Life history traits, including annual and perennial strategies, seed bank dynamics, and phenology, are topics of ecological research by universities such as University of Cambridge, University of Sydney, and Cornell University. Interactions with fauna—seed predation by rodents studied by the Smithsonian Tropical Research Institute and grazing impacts assessed by the Food and Agriculture Organization—shape population dynamics. Pollination and dispersal mechanisms have been contextualized alongside studies from the Royal Society of New Zealand and the Australian National University. Pathogen and endophyte associations have been investigated in labs affiliated with the Johns Hopkins University and the Wageningen University & Research institute.
Various species have roles in forage systems cataloged by the Food and Agriculture Organization of the United Nations and seed technology studies from the International Maize and Wheat Improvement Center.
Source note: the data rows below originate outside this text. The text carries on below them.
lemma finite_po_type_imp_Limsup_maxmod:
  assumes po: "proximate_order \<rho>r \<rho>" and np: "normalized_po \<rho>r" and "finite_po_type \<rho>r f"
  shows "Limsup at_top (\<lambda>r. ereal (ln (maxmod f r) / r powr \<rho>r r)) < \<infinity>"
proof -
  obtain \<sigma> C where "0 < \<sigma>"
    and bound: "\<And>x. paravec x \<Longrightarrow> norm (f x) \<le> C * exp (\<sigma> * norm x powr \<rho>r (norm x))"
    using assms(3) by (auto simp: finite_po_type_def)
  have "norm (f 0) \<le> C"
    using bound[OF paravec_zero] by simp
  then have "0 \<le> C"
    using norm_ge_zero order_trans by blast
  have ball_bound: "norm (f y) \<le> C * exp (\<sigma> * r powr \<rho>r r)" if "paravec y" "norm y \<le> r" for y r
  proof -
    have "norm y powr \<rho>r (norm y) \<le> r powr \<rho>r r"
      using that by (intro po_pow_mono[OF np]) auto
    then have "C * exp (\<sigma> * norm y powr \<rho>r (norm y)) \<le> C * exp (\<sigma> * r powr \<rho>r r)"
      using \<open>0 < \<sigma>\<close> \<open>0 \<le> C\<close> by (intro mult_left_mono) auto
    then show ?thesis
      using bound[OF \<open>paravec y\<close>] by linarith
  qed
  have "eventually (\<lambda>r. 1 \<le> r powr \<rho>r r) at_top"
    using po_pow_tendsto_at_top[OF po] by (simp add: filterlim_at_top)
  moreover have "eventually (\<lambda>r. 0 \<le> (r :: real)) at_top"
    by (rule eventually_ge_at_top)
  ultimately have "eventually (\<lambda>r. ln (maxmod f r) / r powr \<rho>r r \<le> \<bar>ln C\<bar> + \<sigma>) at_top"
  proof eventually_elim
    case (elim r)
    have "norm (f 0) \<le> maxmod f r"
      by (rule maxmod_upper[OF ball_bound paravec_zero]) (use elim in simp_all)
    then have "0 \<le> maxmod f r"
      using norm_ge_zero order_trans by blast
    moreover have "maxmod f r \<le> C * exp (\<sigma> * r powr \<rho>r r)"
      by (rule maxmod_least[OF _ ball_bound]) (use elim in simp_all)
    ultimately show ?case
      using elim \<open>0 < \<sigma>\<close> by (intro ln_div_le_of_le_mult_exp) simp_all
  qed
  then show ?thesis
    by (subst Limsup_ereal_less_infinity_iff) blast
qed

lemma Limsup_maxmod_imp_finite_po_type:
  fixes a :: "nat \<Rightarrow> 'n::{finite,linorder} clif"
  assumes series: "paravec_power_series a f"
    and "Limsup at_top (\<lambda>r. ereal (ln (maxmod f r) / r powr \<rho>r r)) < \<infinity>"
  shows "finite_po_type \<rho>r f"
proof -
  obtain B where "eventually (\<lambda>r. ln (maxmod f r) / r powr \<rho>r r \<le> B) at_top"
    using assms(2) by (subst (asm) Limsup_ereal_less_infinity_iff) blast
  then obtain R where R: "\<And>r. R \<le> r \<Longrightarrow> ln (maxmod f r) / r powr \<rho>r r \<le> B"
    by (auto simp: eventually_at_top_linorder)
  obtain M where M: "\<And>x. paravec x \<Longrightarrow> norm x \<le> max R 0 \<Longrightarrow> norm (f x) \<le> M"
    using paravec_power_series_bounded[OF series] by blast
  define \<sigma> where "\<sigma> = max 1 B"
  have "norm (f x) \<le> max 1 M * exp (\<sigma> * norm x powr \<rho>r (norm x))" if "paravec x" for x
  proof -
    define E where "E = exp (\<sigma> * norm x powr \<rho>r (norm x))"
    have "1 \<le> E"
      by (simp add: E_def \<sigma>_def)
    have "norm (f x) \<le> M" if "norm x \<le> max R 0"
      using M \<open>paravec x\<close> that by blast
    moreover have "norm (f x) \<le> E" if "max R 0 < norm x"
    proof -
      have fx: "norm (f x) \<le> maxmod f (norm x)"
        using series \<open>paravec x\<close> by (rule paravec_power_series_norm_le_maxmod)
      show ?thesis
      proof (cases "0 < maxmod f (norm x)")
        case True
        have "ln (maxmod f (norm x)) \<le> B * norm x powr \<rho>r (norm x)"
          using R[of "norm x"] that by (simp add: divide_le_eq)
        also have "\<dots> \<le> \<sigma> * norm x powr \<rho>r (norm x)"
          by (intro mult_right_mono) (auto simp: \<sigma>_def)
        finally have "maxmod f (norm x) \<le> E"
          using True unfolding E_def by (metis exp_le_cancel_iff exp_ln)
        with fx show ?thesis
          by linarith
      qed (use fx \<open>1 \<le> E\<close> in linarith)
    qed
    moreover have "M \<le> max 1 M * E" "E \<le> max 1 M * E"
      using \<open>1 \<le> E\<close> mult_left_mono[of 1 E "max 1 M"] mult_right_mono[of 1 "max 1 M" E] by simp_all
    ultimately show ?thesis
      unfolding E_def by (meson not_le order_trans)
  qed
  then show ?thesis
    unfolding finite_po_type_def \<sigma>_def by (intro exI[of _ "max 1 B"] conjI exI[of _ "max 1 M"]) auto
qed

lemma finite_po_type_imp_limsup_coeff:
  fixes a :: "nat \<Rightarrow> 'n::{finite,linorder} clif"
  assumes po: "proximate_order \<rho>r \<rho>" and np: "normalized_po \<rho>r"
    and series: "paravec_power_series a f" and "finite_po_type \<rho>r f"
  shows "limsup (\<lambda>l. ereal (norm (a l) powr (1 / real l) * po_inv \<rho>r (real l))) < \<infinity>"
proof -
  obtain \<sigma> C where bound: "\<And>x. paravec x \<Longrightarrow> norm (f x) \<le> C * exp (\<sigma> * norm x powr \<rho>r (norm x))"
    using assms(4) by (auto simp: finite_po_type_def)
  define D where "D = real CARD('n set) * (2 * C)"
  have "norm (a l) powr (1 / real l) * po_inv \<rho>r (real l) \<le> max 1 D * exp \<sigma>" if "1 \<le> l" for l
  proof -
    define r where "r = po_inv \<rho>r (real l)"
    have "0 < r" and "r powr \<rho>r r = real l"
      using po_inv_inverse[OF po np] \<open>1 \<le> l\<close> by (auto simp: r_def)
    have "norm (f x) \<le> C * exp (\<sigma> * real l)" if "paravec x" "norm x = r" for x
      using bound[OF that(1)] that(2) \<open>r powr \<rho>r r = real l\<close> by simp
    then have "norm (a l) \<le> real CARD('n set) * (2 * (C * exp (\<sigma> * real l)) / r ^ l)"
      by (rule paravec_power_series_coeff_le[OF series \<open>0 < r\<close>])
    also have "\<dots> = D * (exp \<sigma> / r) ^ l"
      by (simp add: D_def power_divide exp_of_nat_mult[symmetric] mult.commute)
    finally have "norm (a l) powr (1 / real l) \<le> max 1 D * (exp \<sigma> / r)"
      using \<open>0 < r\<close> \<open>1 \<le> l\<close> by (intro powr_inverse_le_of_le_power) auto
    then show ?thesis
      using \<open>0 < r\<close> by (simp add: r_def[symmetric] field_simps)
  qed
  then have "eventually (\<lambda>l. norm (a l) powr (1 / real l) * po_inv \<rho>r (real l) \<le> max 1 D * exp \<sigma>) sequentially"
    by (intro eventually_sequentiallyI[of 1]) simp
  then show ?thesis
    by (subst Limsup_ereal_less_infinity_iff) blast
qed

lemma coeff_power_bound_imp_finite_po_type:
  fixes a :: "nat \<Rightarrow> 'n::{finite,linorder} clif"
  assumes po: "proximate_order \<rho>r \<rho>" and np: "normalized_po \<rho>r"
    and series: "paravec_power_series a f" and "0 < K"
    and coeff: "\<And>l. 1 \<le> l \<Longrightarrow> norm (a l) \<le> (K / po_inv \<rho>r (real l)) ^ l"
  shows "finite_po_type \<rho>r f"
proof -
  obtain B where "1 \<le> B"
    and B: "\<And>x :: 'n clif. \<And>l b. norm (cmul (cpow x l) b) \<le> B * (B * norm x) ^ l * norm b"
    using cmul_cpow_bound by blast
  obtain \<sigma> c where "0 < \<sigma>" and growth: "\<And>r l. 0 \<le> r \<Longrightarrow> 1 \<le> l \<Longrightarrow>
      (2 * B * K * r / po_inv \<rho>r (real l)) ^ l \<le> exp (c + \<sigma> * r powr \<rho>r r)"
    using po_inv_power_le[OF po np, of "2 * B * K"] \<open>1 \<le> B\<close> \<open>0 < K\<close> by auto
  define A where "A = B * (norm (a 0) + exp c)"
  have "norm (f x) \<le> 2 * A * exp (\<sigma> * norm x powr \<rho>r (norm x))" if "paravec x" for x
  proof -
    define E where "E = exp (\<sigma> * norm x powr \<rho>r (norm x))"
    have "1 \<le> E"
      using \<open>0 < \<sigma>\<close> by (simp add: E_def)
    have "0 \<le> A"
      using \<open>1 \<le> B\<close> by (simp add: A_def)
    have terms: "norm (cmul (cpow x l) (a l)) \<le> A * E * (1/2) ^ l" for l
    proof (cases "l = 0")
      case True
      have "norm (cmul (cpow x 0) (a 0)) \<le> B * norm (a 0)"
        using B[of x 0 "a 0"] by simp
      also have "\<dots> \<le> A"
        using \<open>1 \<le> B\<close> by (simp add: A_def mult_left_mono)
      also have "\<dots> \<le> A * E"
        using \<open>0 \<le> A\<close> \<open>1 \<le> E\<close> mult_left_mono[of 1 E A] by simp
      finally show ?thesis
        using True by simp
    next
      case False
      then have "1 \<le> l"
        by simp
      have "norm (cmul (cpow x l) (a l)) \<le> B * (B * norm x) ^ l * norm (a l)"
        by (rule B)
      also have "\<dots> \<le> B * (B * norm x) ^ l * (K / po_inv \<rho>r (real l)) ^ l"
        using coeff[OF \<open>1 \<le> l\<close>] \<open>1 \<le> B\<close> by (intro mult_left_mono) auto
      also have "\<dots> = B * (1/2) ^ l * (2 * B * K * norm x / po_inv \<rho>r (real l)) ^ l"
        by (simp add: field_simps)
      also have "\<dots> \<le> B * (1/2) ^ l * (exp c * E)"
        using growth[OF norm_ge_zero \<open>1 \<le> l\<close>, of x] \<open>1 \<le> B\<close>
        by (intro mult_left_mono) (simp_all add: E_def exp_add)
      also have "\<dots> \<le> A * E * (1/2) ^ l"
        using \<open>1 \<le> B\<close> \<open>1 \<le> E\<close> by (simp add: A_def field_simps mult_right_mono)
      finally show ?thesis .
    qed
    have "(\<lambda>l. cmul (cpow x l) (a l)) sums f x"
      using series \<open>paravec x\<close> by (simp add: paravec_power_series_def)
    then have "norm (f x) \<le> 2 * (A * E)"
      using terms by (rule norm_sums_le_geometric)
    then show ?thesis
      by (simp add: E_def mult.assoc)
  qed
  then show ?thesis
    unfolding finite_po_type_def using \<open>0 < \<sigma>\<close> by blast
qed

lemma limsup_coeff_imp_finite_po_type:
  fixes a :: "nat \<Rightarrow> 'n::{finite,linorder} clif"
  assumes po: "proximate_order \<rho>r \<rho>" and np: "normalized_po \<rho>r"
    and series: "paravec_power_series a f"
    and "limsup (\<lambda>l. ereal (norm (a l) powr (1 / real l) * po_inv \<rho>r (real l))) < \<infinity>"
  shows "finite_po_type \<rho>r f"
proof -
  obtain K\<^sub>0 where "eventually (\<lambda>l. norm (a l) powr (1 / real l) * po_inv \<rho>r (real l) \<le> K\<^sub>0) sequentially"
    using assms(4) by (subst (asm) Limsup_ereal_less_infinity_iff) blast
  then obtain K' where K': "\<And>l. norm (a l) powr (1 / real l) * po_inv \<rho>r (real l) \<le> K'"
    by (rule eventually_sequentially_le_imp_bounded) blast
  define K where "K = max 1 K'"
  show ?thesis
  proof (rule coeff_power_bound_imp_finite_po_type[OF po np series])
    show "0 < K"
      by (simp add: K_def)
    show "norm (a l) \<le> (K / po_inv \<rho>r (real l)) ^ l" if "1 \<le> l" for l
    proof (rule le_power_of_powr_inverse_le[OF norm_ge_zero that])
      have "0 < po_inv \<rho>r (real l)"
        using po_inv_inverse(1)[OF po np] that by simp
      then show "norm (a l) powr (1 / real l) \<le> K / po_inv \<rho>r (real l)"
        using K'[of l] by (simp add: K_def le_divide_eq)
    qed
  qed
qed

theorem proposition3p9:
  fixes \<rho>r :: "real \<Rightarrow> real" and \<rho> :: real
    and f :: "'n::{finite,linorder} clif \<Rightarrow> 'n clif" and a :: "nat \<Rightarrow> 'n clif"
  assumes "proximate_order \<rho>r \<rho>" and "normalized_po \<rho>r"
    and "f \<in> SM_L"
    and "\<forall>x. paravec x \<longrightarrow> (\<lambda>l. cmul (cpow x l) (a l)) sums f x"
  shows "(f \<in> A_r \<rho>r \<longleftrightarrow>
            Limsup at_top (\<lambda>r. ereal (ln (maxmod f r) / r powr \<rho>r r)) < \<infinity>) \<and>
         (f \<in> A_r \<rho>r \<longleftrightarrow>
            limsup (\<lambda>l. ereal (norm (a l) powr (1 / real l) * po_inv \<rho>r (real l))) < \<infinity>) \<and>
         (f \<in> A_r \<rho>r \<longleftrightarrow>
            Inf (ereal ` {\<beta>. 0 < \<beta> \<and> f \<in> A_rs \<rho>r \<beta>}) < \<infinity>)"
proof -
  note po = assms(1) and np = assms(2)
  have series: "paravec_power_series a f"
    using assms(4) by (simp add: paravec_power_series_def)
  have "f \<in> A_r \<rho>r \<longleftrightarrow> finite_po_type \<rho>r f"
    by (rule A_r_iff_finite_po_type[OF assms(3)])
  then show ?thesis
    using finite_po_type_imp_Limsup_maxmod[OF po np] Limsup_maxmod_imp_finite_po_type[OF series]
      finite_po_type_imp_limsup_coeff[OF po np series] limsup_coeff_imp_finite_po_type[OF po np series]
      A_r_iff_Inf_type_finite
    by blast
qed

end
In restoration and pasture contexts, practitioners from the Natural Resources Conservation Service and companies working with seed mixtures consult manuals produced by the United States Department of Agriculture. Economic impacts include benefits and costs assessed in analyses by the World Bank and agricultural research stations linked to the Consultative Group on International Agricultural Research. Historic uses are recorded in ethnobotanical compilations associated with the Smithsonian Institution and regional museums such as the Royal Albert Memorial Museum.
Several non-native species have become invasive, with management guidelines issued by bodies like the European Commission, the Australian Department of Agriculture, Water and the Environment, and state agencies in the United States. Control strategies—mechanical, chemical, and ecological—are evaluated in reports by the United States Environmental Protection Agency and extension services at land grant universities such as Iowa State University and University of California Cooperative Extension. Research on biological control and restoration techniques has been undertaken by groups at the Australian National University and the US Forest Service, while economic analyses of invasion costs have been published in outlets associated with the National Academy of Sciences.
Conservation status of taxa is assessed in listings by the International Union for Conservation of Nature and national red lists maintained by agencies such as NatureServe and the European Red List. Ongoing research draws on genomic resources developed in collaborations involving the Broad Institute, the Joint Genome Institute, and university consortia including ETH Zurich and University of Tokyo. Field studies and herbarium-based research continue at institutions like the Royal Botanic Gardens, Kew, the New York Botanical Garden, and the Muséum national d'Histoire naturelle, Paris, supporting conservation planning by organizations such as the Convention on Biological Diversity.